Sir Phil describes that as “a sign of desperation”.
“If you can’t actually survive within your own economic basis, you shouldn’t be doing it.
“I don’t think top slicing or subsidising one aspect of the business is the answer, you have to just look at the whole thing as a totality.”
Image: Mark Rylance (L) and Damian Lewis in Wolf Hall: The Mirror And The Light. Pic: BBC
Since selling his production company, Mersey Television, two decades ago, much of his current work has focused on acting as an ambassador for the culture and creative industries.
Although he’s taken a step away from television, he admits he’s disappointed by how risk-averse programme makers appear to have become.
“Dare I say it? There needs to be an intellectual foundation to it all.”

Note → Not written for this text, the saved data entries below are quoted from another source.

(* Let $p$ be an odd prime, $s$ a nonnegative integer, and $N,n$ positive integers with $\gcd(n,p)=1$. Then $$E_{np^N+s}\equiv E_{np^{N-1}+s}\pmod{p^N},$$ i.e. the difference lies in $p^N\mathbb Z_p$.
   Context: The Euler numbers $E_m$ are defined by $\frac{2}{e^t+1}=\sum_{m\ge0}E_m\frac{t^m}{m!}$. *)

theory Defs
  imports "HOL-Computational_Algebra.Computational_Algebra"
begin

definition euler_num :: "nat \<Rightarrow> rat" where
  "euler_num m = fact m * fps_nth (2 / (fps_exp 1 + 1)) m"

text \<open>Congruence of rationals modulo p^N in Z_p: the difference lies in p^N Z_p,
  i.e. it equals p^N * a / b with integers a, b and b not divisible by p.\<close>
definition rat_cong_ppow :: "nat \<Rightarrow> nat \<Rightarrow> rat \<Rightarrow> rat \<Rightarrow> bool" where
  "rat_cong_ppow p N x y \<longleftrightarrow>
     (\<exists>a b :: int. \<not> (int p dvd b) \<and> x - y = of_int (int p ^ N) * of_int a / of_int b)"

end

theory Submission
  imports Defs "HOL-Number_Theory.Number_Theory"
begin

text \<open>For odd \<open>k\<close> the quotient \<open>(e\<^sup>k\<^sup>t + 1) / (e\<^sup>t + 1)\<close> is the alternating sum
  \<open>\<Sum>j<k. (-1)\<^sup>j e\<^sup>j\<^sup>t\<close>, so \<open>2/(e\<^sup>t + 1) = 2/(e\<^sup>k\<^sup>t + 1) \<cdot> \<Sum>j<k. (-1)\<^sup>j e\<^sup>j\<^sup>t\<close>.
  Comparing coefficients, and using that \<open>2\<^sup>m E\<^sub>m\<close> is an integer, gives for \<open>k = p\<^sup>N\<close> the
  congruence \<open>2\<^sup>m E\<^sub>m \<equiv> 2\<^sup>m \<Sum>j<k. (-1)\<^sup>j j\<^sup>m (mod p\<^sup>N)\<close>. By Euler's theorem the right-hand
  side depends only on \<open>m\<close> modulo \<open>\<phi>(p\<^sup>N)\<close> once \<open>m \<ge> N\<close>, and the two indices
  \<open>n p\<^sup>N + s\<close> and \<open>n p\<^sup>N\<^sup>-\<^sup>1 + s\<close> differ by \<open>n \<phi>(p\<^sup>N)\<close>. As \<open>p\<close> is odd, powers of 2 are
  \<open>p\<close>-adic units, so the congruence passes to the Euler numbers themselves.\<close>

lemma alternating_geometric_sum:
  fixes x :: "'a::comm_ring_1"
  shows "(\<Sum>j<k. (- x) ^ j) * (x + 1) = 1 - (- x) ^ k"
  using one_diff_power_eq[of "- x" k] by (simp add: algebra_simps)

lemma fact_fps_mult_nth:
  fixes f g :: "'a::field_char_0 fps"
  shows "fact m * (f * g) $ m =
    (\<Sum>i\<le>m. of_nat (m choose i) * (fact i * f $ i) * (fact (m - i) * g $ (m - i)))"
  unfolding fps_mult_nth sum_distrib_left atLeast0AtMost
proof (rule sum.cong[OF refl])
  fix i assume "i \<in> {..m}"
  then have "of_nat (m choose i) * fact i * fact (m - i) = (fact m :: 'a)"
    by (simp add: binomial_fact)
  then show "fact m * (f $ i * g $ (m - i)) =
      of_nat (m choose i) * (fact i * f $ i) * (fact (m - i) * g $ (m - i))"
    by (metis (no_types, lifting) mult.assoc mult.left_commute)
qed

lemma fps_two_div_exp_plus_one_scale:
  fixes k :: nat
  assumes "odd k"
  shows "2 / (fps_exp 1 + 1) =
    (2 / (fps_exp 1 + 1) oo fps_const (of_nat k) * fps_X) * (\<Sum>j<k. (- fps_exp 1) ^ j :: 'a::field_char_0 fps)"
    (is "?F = (?F oo ?kX) * ?S")
proof -
  let ?u = "fps_exp 1 + 1 :: 'a fps"
  have unit: "is_unit ?u" by (simp add: fps_is_unit_iff)
  have F: "?F * ?u = 2" using unit by simp
  have "(?F oo ?kX) * (fps_exp (of_nat k) + 1) = (?F * ?u) oo ?kX"
    by (subst fps_compose_mult_distrib) (simp_all add: fps_compose_add_distrib)
  also have "\<dots> = 2" unfolding F by simp
  finally have scaled: "(?F oo ?kX) * (fps_exp (of_nat k) + 1) = 2" .
  have "?S * ?u = fps_exp (of_nat k) + 1"
    using assms by (simp add: alternating_geometric_sum fps_exp_power_mult)
  then have "(?F oo ?kX) * ?S * ?u = ?F * ?u"
    by (simp add: mult.assoc scaled F)
  moreover have "?u \<noteq> 0" using unit by (metis not_is_unit_0)
  ultimately show ?thesis by (metis mult_right_cancel)
qed

lemma euler_num_recurrence:
  "(\<Sum>i\<le>m. of_nat (m choose i) * euler_num i) + euler_num m = (if m = 0 then 2 else 0)"
proof -
  let ?F = "2 / (fps_exp 1 + 1) :: rat fps"
  have "?F * (fps_exp 1 + 1) = 2" by (simp add: fps_is_unit_iff)
  then have "(if m = 0 then 2 else 0) = fact m * (?F * (fps_exp 1 + 1)) $ m"
    by (simp add: numeral_fps_const)
  also have "\<dots> = (\<Sum>i\<le>m. of_nat (m choose i) * euler_num i + (if i = m then euler_num m else 0))"
    unfolding fact_fps_mult_nth euler_num_def by (intro sum.cong) auto
  also have "\<dots> = (\<Sum>i\<le>m. of_nat (m choose i) * euler_num i) + euler_num m"
    by (simp add: sum.distrib)
  finally show ?thesis by simp
qed

lemma euler_num_0 [simp]: "euler_num 0 = 1"
  using euler_num_recurrence[of 0] by simp

lemma two_power_mult_euler_num_Ints: "2 ^ m * euler_num m \<in> \<int>"
proof (induction m rule: less_induct)
  case (less m)
  show ?case
  proof (cases m)
    case (Suc m')
    have "(\<Sum>i\<le>m'. of_nat (m choose i) * euler_num i) + 2 * euler_num m = 0"
      using euler_num_recurrence[of m] by (simp add: Suc)
    then have rec: "2 * euler_num m = - (\<Sum>i\<le>m'. of_nat (m choose i) * euler_num i)"
      by (simp add: eq_neg_iff_add_eq_0 add.commute)
    have "2 ^ m * euler_num m = 2 ^ m' * (2 * euler_num m)"
      by (simp add: Suc)
    also have "\<dots> = - (\<Sum>i\<le>m'. 2 ^ m' * (of_nat (m choose i) * euler_num i))"
      by (simp add: rec sum_distrib_left)
    also have "\<dots> = - (\<Sum>i\<le>m'. of_nat (m choose i) * 2 ^ (m' - i) * (2 ^ i * euler_num i))"
      by (intro arg_cong[where f = uminus] sum.cong refl) (simp flip: power_add)
    also have "\<dots> \<in> \<int>"
    proof (intro Ints_minus Ints_sum)
      fix i assume "i \<in> {..m'}"
      then have "2 ^ i * euler_num i \<in> \<int>" using less.IH Suc by simp
      then show "of_nat (m choose i) * 2 ^ (m' - i) * (2 ^ i * euler_num i) \<in> \<int>"
        by (rule Ints_mult[rotated]) simp
    qed
    finally show ?thesis .
  qed simp
qed

definition alt_power_sum :: "nat \<Rightarrow> nat \<Rightarrow> int" where
  "alt_power_sum k l = (\<Sum>j<k. (-1) ^ j * int j ^ l)"

lemma fact_alternating_exp_sum_nth:
  "fact l * (\<Sum>j<k. (- fps_exp 1) ^ j) $ l = (of_int (alt_power_sum k l) :: 'a::field_char_0)"
proof -
  have "((- fps_exp 1) ^ j) $ l = ((-1) ^ j * of_nat j ^ l / fact l :: 'a)" for j
    by (simp add: uminus_power_if fps_exp_power_mult)
  then show ?thesis
    by (simp add: alt_power_sum_def fps_sum_nth sum_distrib_left)
qed

lemma euler_num_scale:
  assumes "odd k"
  shows "euler_num m =
    (\<Sum>i\<le>m. of_nat (m choose i) * of_nat k ^ i * euler_num i * of_int (alt_power_sum k (m - i)))"
proof -
  let ?F = "2 / (fps_exp 1 + 1) :: rat fps"
  let ?S = "\<Sum>j<k. (- fps_exp 1) ^ j :: rat fps"
  have "euler_num m = fact m * ((?F oo fps_const (of_nat k) * fps_X) * ?S) $ m"
    unfolding euler_num_def by (subst fps_two_div_exp_plus_one_scale[OF assms]) (rule refl)
  also have "\<dots> = (\<Sum>i\<le>m. of_nat (m choose i) * (fact i * (?F oo fps_const (of_nat k) * fps_X) $ i)
      * (fact (m - i) * ?S $ (m - i)))"
    by (rule fact_fps_mult_nth)
  also have "\<dots> = (\<Sum>i\<le>m. of_nat (m choose i) * of_nat k ^ i * euler_num i * of_int (alt_power_sum k (m - i)))"
    unfolding fps_nth_compose_linear fact_alternating_exp_sum_nth euler_num_def by (simp only: mult_ac)
  finally show ?thesis .
qed

definition euler_scaled :: "nat \<Rightarrow> int" where
  "euler_scaled m = \<lfloor>2 ^ m * euler_num m\<rfloor>"

lemma of_int_euler_scaled: "of_int (euler_scaled m) = 2 ^ m * euler_num m"
  using two_power_mult_euler_num_Ints[of m] by (auto simp: euler_scaled_def elim: Ints_cases)

lemma euler_scaled_cong_alt_power_sum:
  assumes "odd k"
  shows "[euler_scaled m = 2 ^ m * alt_power_sum k m] (mod int k)"
proof -
  let ?term = "\<lambda>i. int (m choose i) * int k ^ i * 2 ^ (m - i) * euler_scaled i * alt_power_sum k (m - i)"
  have "(of_int (euler_scaled m) :: rat) =
      (\<Sum>i\<le>m. of_nat (m choose i) * of_nat k ^ i * 2 ^ (m - i) * (2 ^ i * euler_num i) * of_int (alt_power_sum k (m - i)))"
    unfolding of_int_euler_scaled euler_num_scale[OF assms, of m] sum_distrib_left
    by (intro sum.cong refl) (simp add: mult_ac flip: power_add)
  also have "\<dots> = of_int (\<Sum>i\<le>m. ?term i)"
    by (simp add: of_int_euler_scaled)
  finally have "euler_scaled m = (\<Sum>i\<le>m. ?term i)"
    by (simp only: of_int_eq_iff)
  also have "\<dots> = 2 ^ m * alt_power_sum k m + (\<Sum>i\<in>{1..m}. ?term i)"
    by (simp add: atMost_atLeast0 sum.atLeast_Suc_atMost euler_scaled_def)
  finally have "euler_scaled m = 2 ^ m * alt_power_sum k m + (\<Sum>i\<in>{1..m}. ?term i)" .
  moreover have "int k dvd (\<Sum>i\<in>{1..m}. ?term i)"
    by (intro dvd_sum) (auto intro: dvd_mult2 dvd_mult dvd_power)
  ultimately show ?thesis
    by (simp add: cong_iff_dvd_diff)
qed

lemma power_add_totient_cong:
  fixes p N a q j :: nat
  assumes "prime p" and "N \<le> a"
  shows "[j ^ (a + q * totient (p ^ N)) = j ^ a] (mod p ^ N)"
proof (cases "p dvd j")
  case True
  have "[j ^ b = 0] (mod p ^ N)" if "N \<le> b" for b
    using True that by (simp add: cong_0_iff) (meson dvd_power_same le_imp_power_dvd dvd_trans)
  then show ?thesis
    using assms(2) by (meson cong_sym cong_trans le_add1 order.trans)
next
  case False
  then have "coprime j (p ^ N)"
    using prime_imp_coprime[OF assms(1) False] by (simp add: ac_simps)
  then have "[j ^ totient (p ^ N) = 1] (mod p ^ N)"
    by (rule euler_theorem)
  then have "[j ^ a * (j ^ totient (p ^ N)) ^ q = j ^ a * 1 ^ q] (mod p ^ N)"
    by (intro cong_mult cong_pow cong_refl)
  then show ?thesis
    by (simp add: power_add mult.commute[of q] power_mult)
qed

lemma alt_power_sum_add_totient_cong:
  assumes "prime p" and "N \<le> l"
  shows "[alt_power_sum k (l + q * totient (p ^ N)) = alt_power_sum k l] (mod int (p ^ N))"
  unfolding alt_power_sum_def
proof (intro cong_sum cong_mult cong_refl)
  fix j
  show "[int j ^ (l + q * totient (p ^ N)) = int j ^ l] (mod int (p ^ N))"
    using power_add_totient_cong[OF assms, where j = j and q = q] by (simp add: cong_int_iff flip: of_nat_power)
qed

lemma rat_cong_ppow_if_scaled_dvd:
  fixes c d :: int
  assumes "\<not> int p dvd d" and "int p ^ N dvd c" and "of_int c = of_int d * (x - y)"
  shows "rat_cong_ppow p N x y"
proof -
  obtain a where a: "c = int p ^ N * a"
    using assms(2) by blast
  have "d \<noteq> 0"
    using assms(1) by auto
  then have "x - y = of_int (int p ^ N) * of_int a / of_int d"
    using assms(3) by (simp add: a field_simps)
  then show ?thesis
    using assms(1) unfolding rat_cong_ppow_def by blast
qed

lemma odd_prime_not_dvd_two_power:
  assumes "prime p" and "odd p"
  shows "\<not> int p dvd 2 ^ m"
proof
  assume "int p dvd 2 ^ m"
  then have "p dvd 2 ^ m"
    by (metis int_dvd_int_iff of_nat_numeral of_nat_power)
  then have "p dvd 2"
    by (rule prime_dvd_power[OF assms(1)])
  then show False
    using assms prime_ge_2_nat[of p] dvd_imp_le[of p 2] by auto
qed

lemma mult_prime_power_eq_add_totient:
  assumes "prime p" and "N > 0"
  shows "n * p ^ N = n * p ^ (N - 1) + n * totient (p ^ N)"
proof -
  obtain N' where N': "N = Suc N'"
    using assms(2) gr0_implies_Suc by blast
  obtain p' where p': "p = Suc p'"
    using prime_gt_0_nat[OF assms(1)] gr0_implies_Suc by blast
  show ?thesis
    using totient_prime_power_Suc[OF assms(1), of N'] by (simp add: N' p' algebra_simps)
qed

lemma le_mult_prime_power_pred:
  assumes "prime p" and "n > 0"
  shows "N \<le> n * p ^ (N - 1)"
proof -
  have "N \<le> 2 ^ (N - 1)"
    using less_exp[of "N - 1"] by arith
  also have "\<dots> \<le> p ^ (N - 1)"
    using prime_ge_2_nat[OF assms(1)] by (simp add: power_mono)
  also have "\<dots> \<le> n * p ^ (N - 1)"
    using assms(2) by simp
  finally show ?thesis .
qed

lemma euler_scaled_add_totient_cong:
  assumes "prime p" and "odd p" and "N \<le> m"
  shows "[euler_scaled (m + q * totient (p ^ N)) = 2 ^ (q * totient (p ^ N)) * euler_scaled m]
    (mod int (p ^ N))"
proof -
  let ?t = "q * totient (p ^ N)" and ?k = "p ^ N"
  have "odd ?k"
    using assms(2) by simp
  have "[euler_scaled (m + ?t) = 2 ^ (m + ?t) * alt_power_sum ?k (m + ?t)] (mod int ?k)"
    by (rule euler_scaled_cong_alt_power_sum[OF \<open>odd ?k\<close>])
  also have "[2 ^ (m + ?t) * alt_power_sum ?k (m + ?t) = 2 ^ (m + ?t) * alt_power_sum ?k m] (mod int ?k)"
    using alt_power_sum_add_totient_cong[OF assms(1,3)] by (rule cong_scalar_left)
  also have "2 ^ (m + ?t) * alt_power_sum ?k m = 2 ^ ?t * (2 ^ m * alt_power_sum ?k m)"
    by (simp add: power_add)
  also have "[2 ^ ?t * (2 ^ m * alt_power_sum ?k m) = 2 ^ ?t * euler_scaled m] (mod int ?k)"
    using cong_sym[OF euler_scaled_cong_alt_power_sum[OF \<open>odd ?k\<close>]] by (rule cong_scalar_left)
  finally show ?thesis .
qed

theorem corollary5p2:
  fixes p s N n :: nat
  assumes "prime p" and "odd p" and "N > 0" and "n > 0" and "coprime n p"
  shows "rat_cong_ppow p N (euler_num (n * p ^ N + s)) (euler_num (n * p ^ (N - 1) + s))"
proof -
  define M where "M = n * p ^ (N - 1) + s"
  define t where "t = totient (p ^ N)"
  have shift: "n * p ^ N + s = M + n * t"
    using mult_prime_power_eq_add_totient[OF assms(1,3), of n] by (simp add: M_def t_def)
  have "N \<le> M"
    using le_mult_prime_power_pred[OF assms(1,4), of N] by (simp add: M_def)
  then have "int p ^ N dvd euler_scaled (M + n * t) - 2 ^ (n * t) * euler_scaled M"
    using euler_scaled_add_totient_cong[OF assms(1,2)] by (simp add: t_def cong_iff_dvd_diff)
  moreover have "of_int (euler_scaled (M + n * t) - 2 ^ (n * t) * euler_scaled M)
      = of_int (2 ^ (M + n * t)) * (euler_num (M + n * t) - euler_num M)"
    by (simp add: of_int_euler_scaled power_add algebra_simps)
  ultimately show ?thesis
    unfolding shift M_def[symmetric]
    by (intro rat_cong_ppow_if_scaled_dvd[OF odd_prime_not_dvd_two_power[OF assms(1,2)]])
qed

end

Image: The Hollyoaks cast in 1995. Pic: Shutterstock
TV’s ‘missing a trick’
He believes TV bosses are too scared of being fined by Ofcom, and that’s meant soaps are not going as far as they should.
“The benefits [system], you know, immigration, all these things are really relevant subjects for drama to bring out all the arguments, the conflicts.
“The majority of the people know the benefits system is broken, that it needs to be fixed because they see themselves living on their estate with a 10 or 12-year-old car and then there’s someone else down the road who knows how to fill a form in, and he’s driving around in a £65k BMW, right? Those debates would be really great to bring out on TV, they’re missing a trick.”
While some of TV’s biggest executives are slated to speak at the Edinburgh Television Festival, Redmond is not convinced they will be open to listening.
“They will go where the perceived wisdom is as to where the industry is going. The fact that the industry is taking a wrong turn, we really need somebody else to come along and go ‘Oi!'”
When I ask if that could be him, he laughs. Cue dramatic music and closing credits. As plot twists go, the idea of one of TV’s most radical voices making a boardroom comeback to stir the pot, realistic or not, is at the very least food for thought for the industry.